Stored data
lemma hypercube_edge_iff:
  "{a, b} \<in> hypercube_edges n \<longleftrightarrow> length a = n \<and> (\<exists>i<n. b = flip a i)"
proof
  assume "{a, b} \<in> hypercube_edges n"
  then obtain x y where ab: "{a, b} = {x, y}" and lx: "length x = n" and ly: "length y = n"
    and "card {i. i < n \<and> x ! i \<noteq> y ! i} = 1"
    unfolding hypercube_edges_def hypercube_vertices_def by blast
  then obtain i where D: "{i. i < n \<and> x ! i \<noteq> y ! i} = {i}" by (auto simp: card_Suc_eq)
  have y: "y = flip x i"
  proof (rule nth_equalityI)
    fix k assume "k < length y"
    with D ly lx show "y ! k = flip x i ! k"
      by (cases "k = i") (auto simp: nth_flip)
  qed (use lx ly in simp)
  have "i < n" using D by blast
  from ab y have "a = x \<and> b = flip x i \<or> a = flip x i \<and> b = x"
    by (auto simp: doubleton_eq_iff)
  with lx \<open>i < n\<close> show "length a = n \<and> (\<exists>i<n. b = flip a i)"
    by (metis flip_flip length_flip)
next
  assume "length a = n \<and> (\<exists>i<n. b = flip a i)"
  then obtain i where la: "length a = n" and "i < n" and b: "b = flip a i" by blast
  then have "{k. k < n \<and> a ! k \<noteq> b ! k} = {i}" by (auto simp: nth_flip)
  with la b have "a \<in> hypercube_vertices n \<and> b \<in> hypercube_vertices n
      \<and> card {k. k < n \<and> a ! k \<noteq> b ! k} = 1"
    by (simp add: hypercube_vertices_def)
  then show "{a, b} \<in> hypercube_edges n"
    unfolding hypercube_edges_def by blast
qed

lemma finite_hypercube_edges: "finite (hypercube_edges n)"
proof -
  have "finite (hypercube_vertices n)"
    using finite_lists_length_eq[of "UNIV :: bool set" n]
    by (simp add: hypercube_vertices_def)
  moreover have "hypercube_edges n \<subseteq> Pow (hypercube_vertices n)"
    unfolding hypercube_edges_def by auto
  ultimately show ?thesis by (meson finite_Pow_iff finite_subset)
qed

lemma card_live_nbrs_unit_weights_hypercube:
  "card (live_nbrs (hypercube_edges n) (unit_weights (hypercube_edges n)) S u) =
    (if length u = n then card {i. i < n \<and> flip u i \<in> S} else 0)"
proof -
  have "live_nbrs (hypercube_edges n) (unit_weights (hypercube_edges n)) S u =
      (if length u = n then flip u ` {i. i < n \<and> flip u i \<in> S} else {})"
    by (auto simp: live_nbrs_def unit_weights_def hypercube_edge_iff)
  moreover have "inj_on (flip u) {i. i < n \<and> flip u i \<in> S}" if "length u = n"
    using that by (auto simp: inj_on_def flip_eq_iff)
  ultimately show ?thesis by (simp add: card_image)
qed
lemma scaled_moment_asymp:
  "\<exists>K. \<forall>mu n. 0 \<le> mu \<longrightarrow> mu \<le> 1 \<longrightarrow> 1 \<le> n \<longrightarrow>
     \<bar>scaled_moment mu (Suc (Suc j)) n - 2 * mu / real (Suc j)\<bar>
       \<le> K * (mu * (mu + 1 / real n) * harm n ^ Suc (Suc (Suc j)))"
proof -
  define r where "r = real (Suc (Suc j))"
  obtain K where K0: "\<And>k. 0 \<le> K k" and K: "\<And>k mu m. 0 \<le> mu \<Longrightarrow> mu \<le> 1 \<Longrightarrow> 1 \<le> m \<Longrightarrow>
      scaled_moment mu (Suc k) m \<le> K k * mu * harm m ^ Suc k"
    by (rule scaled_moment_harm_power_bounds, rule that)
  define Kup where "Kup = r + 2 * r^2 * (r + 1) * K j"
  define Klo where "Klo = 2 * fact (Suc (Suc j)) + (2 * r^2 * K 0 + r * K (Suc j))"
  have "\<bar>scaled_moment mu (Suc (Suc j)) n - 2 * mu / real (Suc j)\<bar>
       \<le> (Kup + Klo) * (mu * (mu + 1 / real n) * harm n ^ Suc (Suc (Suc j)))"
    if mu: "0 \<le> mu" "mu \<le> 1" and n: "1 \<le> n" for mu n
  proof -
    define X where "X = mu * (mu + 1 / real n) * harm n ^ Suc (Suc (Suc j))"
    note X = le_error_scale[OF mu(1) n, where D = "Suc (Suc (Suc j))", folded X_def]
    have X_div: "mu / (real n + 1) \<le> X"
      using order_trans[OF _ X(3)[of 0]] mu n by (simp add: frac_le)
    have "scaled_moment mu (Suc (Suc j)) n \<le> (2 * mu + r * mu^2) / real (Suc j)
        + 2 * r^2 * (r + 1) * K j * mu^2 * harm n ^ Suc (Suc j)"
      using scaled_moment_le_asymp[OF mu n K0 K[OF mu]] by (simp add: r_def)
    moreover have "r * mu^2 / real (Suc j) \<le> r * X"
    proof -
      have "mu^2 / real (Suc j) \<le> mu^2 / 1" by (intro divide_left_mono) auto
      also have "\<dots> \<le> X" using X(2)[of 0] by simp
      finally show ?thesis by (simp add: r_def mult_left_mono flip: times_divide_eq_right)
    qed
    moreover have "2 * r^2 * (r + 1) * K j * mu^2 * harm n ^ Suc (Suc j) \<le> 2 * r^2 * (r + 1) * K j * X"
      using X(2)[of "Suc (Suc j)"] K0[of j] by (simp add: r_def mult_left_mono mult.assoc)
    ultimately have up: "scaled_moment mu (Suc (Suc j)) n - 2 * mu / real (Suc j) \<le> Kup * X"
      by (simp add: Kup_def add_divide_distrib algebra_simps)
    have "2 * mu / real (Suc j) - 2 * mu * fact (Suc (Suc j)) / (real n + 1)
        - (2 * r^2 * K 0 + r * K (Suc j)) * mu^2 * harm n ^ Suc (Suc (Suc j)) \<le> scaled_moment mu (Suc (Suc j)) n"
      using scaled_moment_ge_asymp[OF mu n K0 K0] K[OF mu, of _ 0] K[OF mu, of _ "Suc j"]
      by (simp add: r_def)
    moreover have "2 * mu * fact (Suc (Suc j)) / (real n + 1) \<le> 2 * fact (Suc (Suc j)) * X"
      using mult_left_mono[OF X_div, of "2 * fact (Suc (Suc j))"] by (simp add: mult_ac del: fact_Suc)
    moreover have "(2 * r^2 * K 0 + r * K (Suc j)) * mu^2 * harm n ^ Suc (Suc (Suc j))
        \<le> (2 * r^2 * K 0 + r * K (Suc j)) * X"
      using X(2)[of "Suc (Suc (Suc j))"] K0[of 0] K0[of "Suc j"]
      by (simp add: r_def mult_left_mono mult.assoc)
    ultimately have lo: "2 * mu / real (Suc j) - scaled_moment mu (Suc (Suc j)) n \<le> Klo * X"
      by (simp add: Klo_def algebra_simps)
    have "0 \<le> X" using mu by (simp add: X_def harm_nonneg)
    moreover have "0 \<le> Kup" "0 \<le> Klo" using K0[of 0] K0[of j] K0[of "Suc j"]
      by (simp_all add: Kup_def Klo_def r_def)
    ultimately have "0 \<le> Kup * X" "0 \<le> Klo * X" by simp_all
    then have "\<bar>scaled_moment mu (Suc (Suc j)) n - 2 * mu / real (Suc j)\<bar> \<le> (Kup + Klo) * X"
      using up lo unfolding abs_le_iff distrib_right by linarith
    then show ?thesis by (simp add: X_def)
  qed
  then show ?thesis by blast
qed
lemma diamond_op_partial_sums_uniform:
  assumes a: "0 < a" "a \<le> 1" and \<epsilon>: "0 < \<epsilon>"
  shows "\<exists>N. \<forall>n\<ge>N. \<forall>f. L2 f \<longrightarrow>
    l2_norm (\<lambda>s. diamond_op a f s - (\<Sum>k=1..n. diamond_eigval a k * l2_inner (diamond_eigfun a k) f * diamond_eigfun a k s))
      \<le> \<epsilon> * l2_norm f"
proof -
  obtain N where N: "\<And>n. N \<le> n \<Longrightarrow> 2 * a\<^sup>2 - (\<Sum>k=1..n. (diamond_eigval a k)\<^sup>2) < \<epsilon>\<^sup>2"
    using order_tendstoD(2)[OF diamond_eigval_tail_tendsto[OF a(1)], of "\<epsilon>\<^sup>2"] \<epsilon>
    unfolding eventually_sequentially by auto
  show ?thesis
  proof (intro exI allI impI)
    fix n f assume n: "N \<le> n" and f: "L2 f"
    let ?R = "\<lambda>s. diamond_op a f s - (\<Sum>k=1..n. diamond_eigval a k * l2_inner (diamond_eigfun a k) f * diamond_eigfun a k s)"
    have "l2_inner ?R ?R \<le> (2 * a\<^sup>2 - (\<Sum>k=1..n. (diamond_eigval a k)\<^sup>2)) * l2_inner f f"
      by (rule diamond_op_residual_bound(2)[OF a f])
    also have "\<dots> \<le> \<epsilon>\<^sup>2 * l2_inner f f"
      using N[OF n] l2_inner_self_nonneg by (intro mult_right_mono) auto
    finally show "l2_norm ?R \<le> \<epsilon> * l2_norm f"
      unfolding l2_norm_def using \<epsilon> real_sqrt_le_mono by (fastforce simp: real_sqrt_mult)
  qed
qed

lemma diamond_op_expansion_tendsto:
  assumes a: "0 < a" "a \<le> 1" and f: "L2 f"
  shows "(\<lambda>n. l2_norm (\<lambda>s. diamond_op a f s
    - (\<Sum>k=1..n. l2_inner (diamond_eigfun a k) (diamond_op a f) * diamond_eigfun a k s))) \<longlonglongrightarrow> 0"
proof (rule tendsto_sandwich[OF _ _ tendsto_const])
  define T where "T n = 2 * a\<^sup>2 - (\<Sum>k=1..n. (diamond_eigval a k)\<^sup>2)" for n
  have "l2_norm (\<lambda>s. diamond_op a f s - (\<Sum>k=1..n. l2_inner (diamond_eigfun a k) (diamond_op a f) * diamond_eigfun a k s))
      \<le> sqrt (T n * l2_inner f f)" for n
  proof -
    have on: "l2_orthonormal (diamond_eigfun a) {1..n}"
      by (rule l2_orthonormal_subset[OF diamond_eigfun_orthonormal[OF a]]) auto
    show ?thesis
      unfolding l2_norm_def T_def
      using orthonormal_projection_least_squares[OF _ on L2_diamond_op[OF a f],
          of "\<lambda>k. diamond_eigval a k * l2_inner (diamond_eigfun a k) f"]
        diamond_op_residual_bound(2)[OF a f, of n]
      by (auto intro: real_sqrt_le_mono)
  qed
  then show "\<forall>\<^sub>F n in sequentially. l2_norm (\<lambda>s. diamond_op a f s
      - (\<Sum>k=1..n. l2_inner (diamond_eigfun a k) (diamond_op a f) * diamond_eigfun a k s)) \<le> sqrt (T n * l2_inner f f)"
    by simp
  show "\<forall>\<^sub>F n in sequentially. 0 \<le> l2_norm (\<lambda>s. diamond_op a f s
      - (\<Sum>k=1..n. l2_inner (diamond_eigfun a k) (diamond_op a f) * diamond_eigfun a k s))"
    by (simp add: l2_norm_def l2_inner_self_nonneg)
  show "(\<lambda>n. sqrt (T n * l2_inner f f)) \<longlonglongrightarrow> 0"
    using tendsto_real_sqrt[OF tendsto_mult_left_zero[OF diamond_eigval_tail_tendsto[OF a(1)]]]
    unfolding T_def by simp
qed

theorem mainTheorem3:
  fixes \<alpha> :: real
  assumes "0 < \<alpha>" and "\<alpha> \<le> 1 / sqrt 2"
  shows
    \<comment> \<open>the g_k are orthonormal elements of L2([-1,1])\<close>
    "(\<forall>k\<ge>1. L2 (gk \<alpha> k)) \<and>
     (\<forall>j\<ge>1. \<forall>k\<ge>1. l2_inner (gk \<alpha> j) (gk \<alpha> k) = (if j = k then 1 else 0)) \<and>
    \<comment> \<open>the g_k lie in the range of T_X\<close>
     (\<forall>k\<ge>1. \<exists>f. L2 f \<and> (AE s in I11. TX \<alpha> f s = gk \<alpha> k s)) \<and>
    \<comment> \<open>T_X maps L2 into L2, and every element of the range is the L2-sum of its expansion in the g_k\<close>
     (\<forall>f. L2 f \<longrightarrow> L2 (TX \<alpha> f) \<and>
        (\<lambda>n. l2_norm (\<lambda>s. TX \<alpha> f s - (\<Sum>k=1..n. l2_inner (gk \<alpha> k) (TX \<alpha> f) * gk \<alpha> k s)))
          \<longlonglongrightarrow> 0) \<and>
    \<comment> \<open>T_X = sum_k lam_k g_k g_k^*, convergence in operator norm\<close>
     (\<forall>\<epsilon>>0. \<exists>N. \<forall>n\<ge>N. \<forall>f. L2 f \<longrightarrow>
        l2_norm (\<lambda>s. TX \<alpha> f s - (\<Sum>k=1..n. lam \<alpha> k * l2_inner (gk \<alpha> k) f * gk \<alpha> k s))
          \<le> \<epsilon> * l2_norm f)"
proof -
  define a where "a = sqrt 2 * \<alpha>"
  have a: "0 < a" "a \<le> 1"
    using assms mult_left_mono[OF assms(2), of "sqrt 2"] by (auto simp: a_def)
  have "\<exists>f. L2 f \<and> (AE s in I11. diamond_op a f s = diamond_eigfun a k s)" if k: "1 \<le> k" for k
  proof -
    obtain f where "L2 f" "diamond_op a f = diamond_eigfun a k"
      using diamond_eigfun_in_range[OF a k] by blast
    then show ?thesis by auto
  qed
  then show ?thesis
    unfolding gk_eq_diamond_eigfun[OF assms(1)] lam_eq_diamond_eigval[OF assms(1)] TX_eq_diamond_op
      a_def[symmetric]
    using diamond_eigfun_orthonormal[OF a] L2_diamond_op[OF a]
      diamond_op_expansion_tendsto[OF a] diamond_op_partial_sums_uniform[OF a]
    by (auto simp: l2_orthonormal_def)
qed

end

#### [What needs to be done]
Above are records; repeat only the lines starting at the line with "finally show ?thesis" and ending at the line with "(Suc j) - 2", exactly as they appear, both included.

#### [Finished exercise]
      finally show ?thesis by (simp add: r_def mult_left_mono flip: times_divide_eq_right)
    qed
    moreover have "2 * r^2 * (r + 1) * K j * mu^2 * harm n ^ Suc (Suc j) \<le> 2 * r^2 * (r + 1) * K j * X"
      using X(2)[of "Suc (Suc j)"] K0[of j] by (simp add: r_def mult_left_mono mult.assoc)
    ultimately have up: "scaled_moment mu (Suc (Suc j)) n - 2 * mu / real (Suc j) \<le> Kup * X"
      by (simp add: Kup_def add_divide_distrib algebra_simps)
    have "2 * mu / real (Suc j) - 2 * mu * fact (Suc (Suc j)) / (real n + 1)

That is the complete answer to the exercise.